===== Exercise material =====

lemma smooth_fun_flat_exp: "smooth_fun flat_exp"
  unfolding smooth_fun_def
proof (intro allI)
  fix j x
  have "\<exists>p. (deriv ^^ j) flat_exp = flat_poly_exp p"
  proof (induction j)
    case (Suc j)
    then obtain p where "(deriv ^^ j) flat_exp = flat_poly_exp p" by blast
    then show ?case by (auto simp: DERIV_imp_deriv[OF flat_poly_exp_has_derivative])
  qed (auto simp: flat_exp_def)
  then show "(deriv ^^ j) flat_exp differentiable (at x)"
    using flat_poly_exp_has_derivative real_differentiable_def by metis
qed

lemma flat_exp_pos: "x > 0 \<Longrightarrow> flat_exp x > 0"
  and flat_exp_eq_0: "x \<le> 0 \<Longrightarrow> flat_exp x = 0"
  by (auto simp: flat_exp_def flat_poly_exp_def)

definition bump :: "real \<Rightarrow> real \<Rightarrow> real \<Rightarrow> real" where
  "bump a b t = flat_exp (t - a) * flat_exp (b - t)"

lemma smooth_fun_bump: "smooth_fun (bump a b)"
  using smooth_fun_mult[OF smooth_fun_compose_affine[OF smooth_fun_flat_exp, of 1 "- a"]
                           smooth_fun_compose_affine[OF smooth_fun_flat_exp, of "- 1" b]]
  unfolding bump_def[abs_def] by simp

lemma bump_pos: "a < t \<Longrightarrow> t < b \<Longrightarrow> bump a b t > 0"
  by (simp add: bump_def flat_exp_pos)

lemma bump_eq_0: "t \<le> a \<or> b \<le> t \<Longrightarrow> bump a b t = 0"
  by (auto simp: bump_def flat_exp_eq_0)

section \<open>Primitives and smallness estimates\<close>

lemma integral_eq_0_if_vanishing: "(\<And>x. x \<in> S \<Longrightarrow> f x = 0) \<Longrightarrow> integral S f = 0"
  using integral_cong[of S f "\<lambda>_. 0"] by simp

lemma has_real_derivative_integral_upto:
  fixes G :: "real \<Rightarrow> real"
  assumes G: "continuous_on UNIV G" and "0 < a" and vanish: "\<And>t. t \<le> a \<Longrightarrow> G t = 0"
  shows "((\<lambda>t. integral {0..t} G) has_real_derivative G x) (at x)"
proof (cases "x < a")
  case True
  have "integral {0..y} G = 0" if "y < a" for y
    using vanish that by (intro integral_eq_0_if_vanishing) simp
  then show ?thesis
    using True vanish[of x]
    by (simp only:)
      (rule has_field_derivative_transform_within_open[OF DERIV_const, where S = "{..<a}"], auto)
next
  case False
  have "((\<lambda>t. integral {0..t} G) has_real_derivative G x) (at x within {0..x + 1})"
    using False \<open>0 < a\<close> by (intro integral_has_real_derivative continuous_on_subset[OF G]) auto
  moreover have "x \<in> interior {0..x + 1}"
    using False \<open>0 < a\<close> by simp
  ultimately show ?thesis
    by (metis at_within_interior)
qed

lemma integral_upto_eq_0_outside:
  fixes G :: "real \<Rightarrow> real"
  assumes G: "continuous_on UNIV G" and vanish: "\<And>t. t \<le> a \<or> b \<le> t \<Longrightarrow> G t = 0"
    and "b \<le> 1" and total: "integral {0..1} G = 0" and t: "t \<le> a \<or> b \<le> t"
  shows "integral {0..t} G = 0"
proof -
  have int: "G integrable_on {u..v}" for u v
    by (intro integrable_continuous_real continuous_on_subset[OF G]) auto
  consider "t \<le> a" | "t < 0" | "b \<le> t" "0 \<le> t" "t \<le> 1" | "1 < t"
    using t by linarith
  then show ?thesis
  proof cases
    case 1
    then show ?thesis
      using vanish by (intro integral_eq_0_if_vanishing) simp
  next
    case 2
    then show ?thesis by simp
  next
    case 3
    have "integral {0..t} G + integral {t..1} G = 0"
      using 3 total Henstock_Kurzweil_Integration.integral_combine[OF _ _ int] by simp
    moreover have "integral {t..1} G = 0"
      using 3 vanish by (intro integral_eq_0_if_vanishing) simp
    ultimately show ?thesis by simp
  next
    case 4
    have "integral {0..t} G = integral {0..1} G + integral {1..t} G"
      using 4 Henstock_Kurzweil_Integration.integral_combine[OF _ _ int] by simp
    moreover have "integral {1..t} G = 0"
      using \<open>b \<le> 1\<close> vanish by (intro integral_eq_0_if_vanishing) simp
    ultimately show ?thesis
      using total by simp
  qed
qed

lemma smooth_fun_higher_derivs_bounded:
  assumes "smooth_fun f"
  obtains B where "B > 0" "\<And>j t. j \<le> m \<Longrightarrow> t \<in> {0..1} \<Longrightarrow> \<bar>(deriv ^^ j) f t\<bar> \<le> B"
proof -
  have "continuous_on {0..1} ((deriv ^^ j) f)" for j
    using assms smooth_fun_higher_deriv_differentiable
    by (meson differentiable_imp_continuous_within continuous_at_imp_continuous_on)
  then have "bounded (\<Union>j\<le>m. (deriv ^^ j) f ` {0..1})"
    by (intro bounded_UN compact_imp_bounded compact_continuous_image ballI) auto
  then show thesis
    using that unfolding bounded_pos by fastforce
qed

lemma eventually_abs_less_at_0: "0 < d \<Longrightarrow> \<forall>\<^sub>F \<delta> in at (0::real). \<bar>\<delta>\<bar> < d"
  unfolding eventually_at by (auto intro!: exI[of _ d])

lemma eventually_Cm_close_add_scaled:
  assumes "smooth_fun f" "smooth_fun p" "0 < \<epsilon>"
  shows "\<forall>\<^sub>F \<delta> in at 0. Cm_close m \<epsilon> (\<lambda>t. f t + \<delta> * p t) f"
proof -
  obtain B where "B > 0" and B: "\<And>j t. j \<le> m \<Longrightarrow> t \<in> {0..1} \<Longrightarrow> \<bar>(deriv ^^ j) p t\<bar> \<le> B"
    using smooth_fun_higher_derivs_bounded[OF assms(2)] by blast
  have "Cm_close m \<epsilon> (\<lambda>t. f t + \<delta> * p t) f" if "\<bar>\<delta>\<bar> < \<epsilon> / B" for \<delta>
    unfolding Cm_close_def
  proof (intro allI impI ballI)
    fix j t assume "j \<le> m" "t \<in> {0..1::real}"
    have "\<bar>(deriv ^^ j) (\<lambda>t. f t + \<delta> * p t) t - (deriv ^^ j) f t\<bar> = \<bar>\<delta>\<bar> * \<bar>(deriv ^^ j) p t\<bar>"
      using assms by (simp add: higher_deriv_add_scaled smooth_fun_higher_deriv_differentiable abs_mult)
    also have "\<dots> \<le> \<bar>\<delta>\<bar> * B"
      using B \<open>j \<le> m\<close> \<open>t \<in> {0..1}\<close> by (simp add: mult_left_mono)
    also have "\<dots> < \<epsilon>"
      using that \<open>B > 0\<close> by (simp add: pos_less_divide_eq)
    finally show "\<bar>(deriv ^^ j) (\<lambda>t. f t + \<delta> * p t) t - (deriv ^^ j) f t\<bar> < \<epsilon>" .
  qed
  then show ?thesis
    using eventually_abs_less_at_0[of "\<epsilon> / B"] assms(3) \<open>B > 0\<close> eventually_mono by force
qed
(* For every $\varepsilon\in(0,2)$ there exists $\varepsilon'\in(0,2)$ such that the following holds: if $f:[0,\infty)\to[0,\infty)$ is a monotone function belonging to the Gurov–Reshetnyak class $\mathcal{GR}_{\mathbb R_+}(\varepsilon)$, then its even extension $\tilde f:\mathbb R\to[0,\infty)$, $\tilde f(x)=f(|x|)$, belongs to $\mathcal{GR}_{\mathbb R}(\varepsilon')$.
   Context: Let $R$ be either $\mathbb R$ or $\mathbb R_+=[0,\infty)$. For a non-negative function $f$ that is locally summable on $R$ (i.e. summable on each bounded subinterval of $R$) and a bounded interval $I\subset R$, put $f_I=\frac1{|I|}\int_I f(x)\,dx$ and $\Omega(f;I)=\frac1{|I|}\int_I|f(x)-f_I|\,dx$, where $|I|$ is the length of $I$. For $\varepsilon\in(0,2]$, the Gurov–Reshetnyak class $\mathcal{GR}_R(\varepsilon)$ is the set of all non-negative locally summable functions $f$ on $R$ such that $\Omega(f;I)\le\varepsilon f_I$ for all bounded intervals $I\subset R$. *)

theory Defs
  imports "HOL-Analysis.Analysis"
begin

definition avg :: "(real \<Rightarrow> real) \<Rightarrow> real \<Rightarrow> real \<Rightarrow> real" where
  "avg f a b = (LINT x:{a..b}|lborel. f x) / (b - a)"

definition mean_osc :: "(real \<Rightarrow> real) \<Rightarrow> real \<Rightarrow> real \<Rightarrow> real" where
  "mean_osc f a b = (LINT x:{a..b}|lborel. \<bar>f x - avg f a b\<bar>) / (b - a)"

=====
===== Exercise material =====

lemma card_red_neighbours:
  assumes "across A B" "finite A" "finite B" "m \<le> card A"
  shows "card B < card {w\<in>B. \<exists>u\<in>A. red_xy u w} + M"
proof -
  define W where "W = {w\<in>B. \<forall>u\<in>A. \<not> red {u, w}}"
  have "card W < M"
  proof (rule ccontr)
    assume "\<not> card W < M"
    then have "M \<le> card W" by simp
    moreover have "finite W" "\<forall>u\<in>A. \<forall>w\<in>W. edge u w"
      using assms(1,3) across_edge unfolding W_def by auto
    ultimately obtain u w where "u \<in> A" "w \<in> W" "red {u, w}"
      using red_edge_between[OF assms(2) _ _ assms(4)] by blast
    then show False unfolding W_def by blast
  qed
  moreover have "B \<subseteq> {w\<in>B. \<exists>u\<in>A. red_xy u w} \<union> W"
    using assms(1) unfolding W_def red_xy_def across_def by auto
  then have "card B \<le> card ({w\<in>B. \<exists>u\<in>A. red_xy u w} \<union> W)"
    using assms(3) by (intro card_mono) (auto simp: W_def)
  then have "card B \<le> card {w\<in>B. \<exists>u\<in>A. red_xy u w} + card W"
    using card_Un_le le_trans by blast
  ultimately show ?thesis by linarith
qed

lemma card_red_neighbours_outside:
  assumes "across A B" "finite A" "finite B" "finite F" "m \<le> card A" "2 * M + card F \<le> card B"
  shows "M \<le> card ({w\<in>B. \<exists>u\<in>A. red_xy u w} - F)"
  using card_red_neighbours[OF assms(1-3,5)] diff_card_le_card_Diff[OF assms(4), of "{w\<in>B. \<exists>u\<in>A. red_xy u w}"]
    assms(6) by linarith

=====

§ Instructions to follow: Reproduce each line of the records in which the string "forall" appears.

§ Solution below:
lemma eventually_abs_less_at_0: "0 < d \<Longrightarrow> \<forall>\<^sub>F \<delta> in at (0::real). \<bar>\<delta>\<bar> < d"
  shows "\<forall>\<^sub>F \<delta> in at 0. Cm_close m \<epsilon> (\<lambda>t. f t + \<delta> * p t) f"
  define W where "W = {w\<in>B. \<forall>u\<in>A. \<not> red {u, w}}"
    moreover have "finite W" "\<forall>u\<in>A. \<forall>w\<in>W. edge u w"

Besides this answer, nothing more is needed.